__WHAT THE EXERCISE ASKS__
Nothing but the lines from the one containing "(\<lambda>n. 2 ^" to the end of the data should be returned, each exactly as written.

__MATERIAL SUPPLIED__
lemma dirichlet_process_dyadic_shell_tail_le:
  assumes dp: "is_dirichlet_process N c \<rho> D" and \<rho>: "prob_space \<rho>" "sets \<rho> = sets borel"
    and "c > 0" and small: "c * measure \<rho> (dyadic_shell n) \<le> 1" "measure \<rho> (dyadic_shell n) \<le> 1 / 2"
  shows "measure N {\<omega> \<in> space N. (1/4) ^ n < measure (D \<omega>) (dyadic_shell n)}
    \<le> exp 2 * c * (measure \<rho> (dyadic_shell n) + ln 8 * (real n * measure \<rho> (dyadic_shell n)))
      + exp 2 * ((1/2) powr (c / 2)) ^ n"
proof -
  define p where "p = measure \<rho> (dyadic_shell n)"
  have "measure N {\<omega> \<in> space N. (1/4) ^ n < measure (D \<omega>) (dyadic_shell n)}
      \<le> exp 2 * (c * p) * (1 - ln ((1/4) ^ n * (1/2) ^ n)) + exp 2 * ((1/2) ^ n) powr (c * (1 - p))"
    unfolding p_def using small \<open>c > 0\<close>
  proof (intro dirichlet_process_tail_le[OF dp \<rho>])
    show "(1/4) ^ n * (1/2) ^ n \<le> (1::real)"
      by (intro mult_le_one) (auto intro: power_le_one)
  qed (auto intro: power_le_one)
  also have "1 - ln ((1/4) ^ n * (1/2) ^ n :: real) = 1 + real n * ln 8"
    by (simp add: power_mult_distrib[symmetric] ln_realpow ln_div)
  also have "((1/2) ^ n) powr (c * (1 - p)) \<le> ((1/2::real) ^ n) powr (c / 2)"
    using small \<open>c > 0\<close> by (intro powr_mono') (auto simp: p_def power_le_one field_simps)
  also have "((1/2::real) ^ n) powr (c / 2) = ((1/2) powr (c / 2)) ^ n"
    by (simp add: powr_powr powr_realpow[symmetric] mult.commute)
  finally show ?thesis
    by (simp add: p_def algebra_simps)
qed

lemma summable_dirichlet_process_shell_tails:
  assumes dp: "is_dirichlet_process N c \<rho> D" and \<rho>: "prob_space \<rho>" "sets \<rho> = sets borel"
    and log: "(\<integral>\<^sup>+x. ennreal (ln (1 + x\<^sup>2)) \<partial>\<rho>) < \<infinity>" and "c > 0"
  shows "summable (\<lambda>n. measure N {\<omega> \<in> space N. (1/4) ^ n < measure (D \<omega>) (dyadic_shell n)})"
proof -
  define p where "p n = measure \<rho> (dyadic_shell n)" for n
  define q where "q = (1/2::real) powr (c / 2)"
  have q: "0 < q" "q < 1"
    using \<open>c > 0\<close> by (auto simp: q_def powr01_less_one)
  have np: "summable (\<lambda>n. real n * p n)"
    unfolding p_def using prob_space.finite_measure[OF \<rho>(1)] \<rho>(2) log
    by (rule summable_dyadic_shell_log_moment)
  have "summable p"
  proof (rule summable_comparison_test_ev[OF _ np])
    show "eventually (\<lambda>n. norm (p n) \<le> real n * p n) sequentially"
      using eventually_ge_at_top[of 1]
      by eventually_elim (simp add: p_def mult_le_cancel_right1)
  qed
  then have "p \<longlonglongrightarrow> 0"
    by (rule summable_LIMSEQ_zero)
  then have "eventually (\<lambda>n. p n < min (1 / c) (1 / 2)) sequentially"
    using \<open>c > 0\<close> by (intro order_tendstoD) auto
  then have "eventually (\<lambda>n. norm (measure N {\<omega> \<in> space N. (1/4) ^ n < measure (D \<omega>) (dyadic_shell n)})
      \<le> exp 2 * c * (p n + ln 8 * (real n * p n)) + exp 2 * q ^ n) sequentially"
  proof eventually_elim
    case (elim n)
    then have "c * p n \<le> 1" "p n \<le> 1 / 2"
      using \<open>c > 0\<close> by (auto simp: field_simps)
    then show ?case
      using dirichlet_process_dyadic_shell_tail_le[OF dp \<rho> \<open>c > 0\<close>, of n] by (simp add: p_def q_def)
  qed
  moreover have "summable (\<lambda>n. exp 2 * c * (p n + ln 8 * (real n * p n)) + exp 2 * q ^ n)"
    using \<open>summable p\<close> np q by (intro summable_add summable_mult summable_geometric) auto
  ultimately show ?thesis
    by (rule summable_comparison_test_ev)
qed

lemma AE_dirichlet_process_integrable:
  assumes dp: "is_dirichlet_process N c \<rho> D" and \<rho>: "prob_space \<rho>" "sets \<rho> = sets borel"
    and log: "(\<integral>\<^sup>+x. ennreal (ln (1 + x\<^sup>2)) \<partial>\<rho>) < \<infinity>" and "c > 0"
  shows "AE \<omega> in N. integrable (D \<omega>) (\<lambda>x. x)"
proof -
  interpret N: prob_space N
    using dirichlet_process_prob_space[OF dp] .
  have [measurable]: "D \<in> N \<rightarrow>\<^sub>M prob_algebra borel"
    using measurable_dirichlet_process[OF dp] .
  have "AE \<omega> in N. eventually (\<lambda>n. \<omega> \<in> space N - {\<omega> \<in> space N. (1/4) ^ n < measure (D \<omega>) (dyadic_shell n)}) sequentially"
    using summable_dirichlet_process_shell_tails[OF assms]
    by (intro borel_cantelli_AE1) (auto simp: N.emeasure_eq_measure)
  then show ?thesis
    using AE_space
  proof eventually_elim
    case (elim \<omega>)
    have "eventually (\<lambda>n. norm (2 ^ n * measure (D \<omega>) (dyadic_shell n)) \<le> (1/2) ^ n) sequentially"
      using elim(1)
    proof eventually_elim
      case (elim n)
      then have "2 ^ n * measure (D \<omega>) (dyadic_shell n) \<le> 2 ^ n * (1/4) ^ n"
        by (auto simp: not_less)
      also have "(2::real) ^ n * (1/4) ^ n = (1/2) ^ n"
        by (simp add: power_mult_distrib[symmetric])
      finally show ?case by simp
    qed
    then have "summable (\<lambda>n. 2 ^ n * measure (D \<omega>) (dyadic_shell n))"
      by (rule summable_comparison_test_ev) simp
    then show ?case
      using prob_space_dirichlet_process_sample[OF dp elim(2)] sets_dirichlet_process_sample[OF dp elim(2)]
      by (intro integrable_if_summable_dyadic_shells prob_space.finite_measure)
  qed
qed

section \<open>Discretisation of the clipped mean\<close>

definition clip :: "real \<Rightarrow> real \<Rightarrow> real" where
  "clip M x = max (- M) (min M x)"

lemma truncate_measure_eq_distr_clip: "truncate_measure M \<rho> = distr \<rho> borel (clip M)"
  by (simp add: truncate_measure_def clip_def[abs_def])

lemma borel_measurable_clip [measurable]: "clip M \<in> borel_measurable borel"
  unfolding clip_def by measurable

__REPLY TO THE TASK__
    then have "summable (\<lambda>n. 2 ^ n * measure (D \<omega>) (dyadic_shell n))"
      by (rule summable_comparison_test_ev) simp
    then show ?case
      using prob_space_dirichlet_process_sample[OF dp elim(2)] sets_dirichlet_process_sample[OF dp elim(2)]
      by (intro integrable_if_summable_dyadic_shells prob_space.finite_measure)
  qed
qed

section \<open>Discretisation of the clipped mean\<close>

definition clip :: "real \<Rightarrow> real \<Rightarrow> real" where
  "clip M x = max (- M) (min M x)"

lemma truncate_measure_eq_distr_clip: "truncate_measure M \<rho> = distr \<rho> borel (clip M)"
  by (simp add: truncate_measure_def clip_def[abs_def])

lemma borel_measurable_clip [measurable]: "clip M \<in> borel_measurable borel"
  unfolding clip_def by measurable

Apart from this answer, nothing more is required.